I rode out a few storms in a U.S.Navy tin can that was less than five hundred feet long. Sailors in storms are one thing whereas civilians are another.
Surely this vessel had at the least the Weather Channel available.
If you REALLY want to have your hair stand on end check out the thread running that tells about the famous (infamous) typhoon of 1944 in the Pacific, where we lost three destroyers and damaged any number of other surface ships.
Huge waives, winds to 130 MPH, and a barometer that fell to 27.3 inches. That is low; the Beaufort scale meant less than nothing after that.
High seas regards,
Jimmy, I think I have seen enough to put the fear of God in me concerning the ocean. Makes me feel very small indeed.
I Googled it. http://www.roblightbody.com/liners/qe-2/1995_freak_wave.htm
Nope, no talk of RADAR.
In one prominent rogue-wave encounter, Capt. Ronald Warwick, who followed in his father's footsteps to command the British ocean liner Queen Elizabeth II, was on the bridge at 4 a.m. on Sept. 11, 1995. Two hundred miles off Newfoundland, headed for New York, Warwick had been trying, without success, to dodge Hurricane Luis.
Minutes before, monstrous seas smashed windows in the Grand Salon, 72 feet off the water. Warwick had given the order confining passengers to quarters.
Suddenly, a huge wave loomed off the bow, huge even for a ship the size of the QE2, at nearly 1,000 feet long, more than 100 feet wide, carrying nearly 3,000 people.

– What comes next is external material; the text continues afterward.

(* Let $S_{\text{thirds}}=(1,\mathbb{R}^{+},\{-\tfrac13,0,\tfrac13\},f_{\text{add}},\{\bot\}\cup\mathbb{Z}^{+},h_{\text{sqz}},x_0=0)$ and $\widehat{S}_{\text{binary}}=(1,\mathbb{R}^{+},\{\pm\tfrac{1}{2^p}\mid p\in\mathbb{Z}\},f_{\text{add}},\{\bot\}\cup\mathbb{Z}^{+},h_{\text{sqz}},\widehat{x}_0=0)$, where $f_{\text{add}}(x,u)=x+u$ and $$h_{\text{sqz}}(x)=\begin{cases} q & \text{if there is } q\in\mathbb{Z}^{+} \text{ with } -\frac{1}{4\cdot 2^q}\le x-\frac{q}{3}\le\frac{1}{4\cdot 2^q},\\ \bot & \text{otherwise.}\end{cases}$$ For any $1$-illusion of $S_{\text{thirds}}$ by $\widehat{S}_{\text{binary}}$, with witness time-scaling function $z$, and any finite $T$, when the robot in $S_{\text{thirds}}$ follows the constant policy $u_k=\tfrac13$, there exists $N_T>0$ such that $$T<\max_{k\in\{1,\dots,N_T\}}\{z(k+1)-z(k)\}.$$
   Context: A deterministic multi-robot transition system is a 7-tuple $(n,X,U,f,Y,h,x_0)$: $n$ robots, product state space $X$, product action space $U$, transition function $f:X\times U\to X$ (componentwise per robot), product observation space $Y$, observation function $h:X\to Y$ (componentwise per robot, $h^{(i)}$), initial state $x_0$; it evolves by $x_{k+1}=f(x_k,u_k)$, $y_k=h(x_k)$. Here both systems have a single robot. When a primary system $\widehat{S}$ (hatted quantities) emulates a secondary system $S$, a robot policy $\widehat{\pi}^{(i)}$ for robot $i$ of $\widehat{S}$ maps its own action history $\widehat{u}^{(i)}_0,\dots,\widehat{u}^{(i)}_k$, its observation history $\widehat{y}^{(i)}_0,\dots,\widehat{y}^{(i)}_k$, and the state history $x_0,\dots,x_\ell$ of the secondary system (with $\ell$ possibly different from $k$) to an action $\widehat{u}^{(i)}_k$. Robot policies in $S$ choose actions from histories in the same manner. $\widehat{S}$ is an $m$-illusion of $S$ (with $0<m\le n$) if there exist (i) robot policies $\widehat{\pi}^{(1)},\dots,\widehat{\pi}^{(\widehat{n})}$ in $\widehat{S}$, (ii) a strictly increasing function $z:\mathbb{Z}^+\to\mathbb{Z}^+$, and (iii) functions $\rho_k:\{1,\dots,m\}\to\{1,\dots,\widehat{n}\}$, such that for any robot policies $\pi^{(1)},\dots,\pi^{(n)}$ in $S$, for all $k\ge0$ and $1\le i\le m$, $h^{(i)}(x_k)=\widehat{h}^{(\rho_k(i))}(\widehat{x}_{z(k)})$, where $x$ and $\widehat{x}$ are the state trajectories of $S$ and $\widehat{S}$. A tuple $(\widehat{\pi},(\rho_k),z)$ satisfying this is a witness to the illusion. *)

theory Defs
  imports Complex_Main
begin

Hundreds of miles from shore, the face of the wave was steep, like a breaking wall of water. Warwick later described that "it looked as though the ship was headed for the white cliffs of Dover."
Officers on the bridge estimated the wave at 92 feet, because they were eyeball to eyeball with the crest.
"(I)t broke with tremendous force over the bow. An incredible shudder went through the ship, followed a few minutes later by two smaller shudders," Warwick recalled in a 1996 article in Marine Observer.
The ship's bow dropped into a "hole" of a trough behind the first wave and was hit by a second wave of between 91 and 96 feet high that cleaned a mast right off the foredeck.
Warwick, his passengers and crew were lucky. No one was injured. It was a far different fate for the German container ship Munchen, which sank in the middle of the Atlantic in 1978 with no warning, no May Day.
Its not uncommon for these waves to reach over 90 feet high. The southerns areas around the two capes are a prime area as currents along with storms brew up some real monsters.
AV
What an awesome photo - and scary story.
Most of the new liners look topheavy to me. Any pix of this ship ?
They get the same weather reports as we do. What were they thinking? Save a little fuel?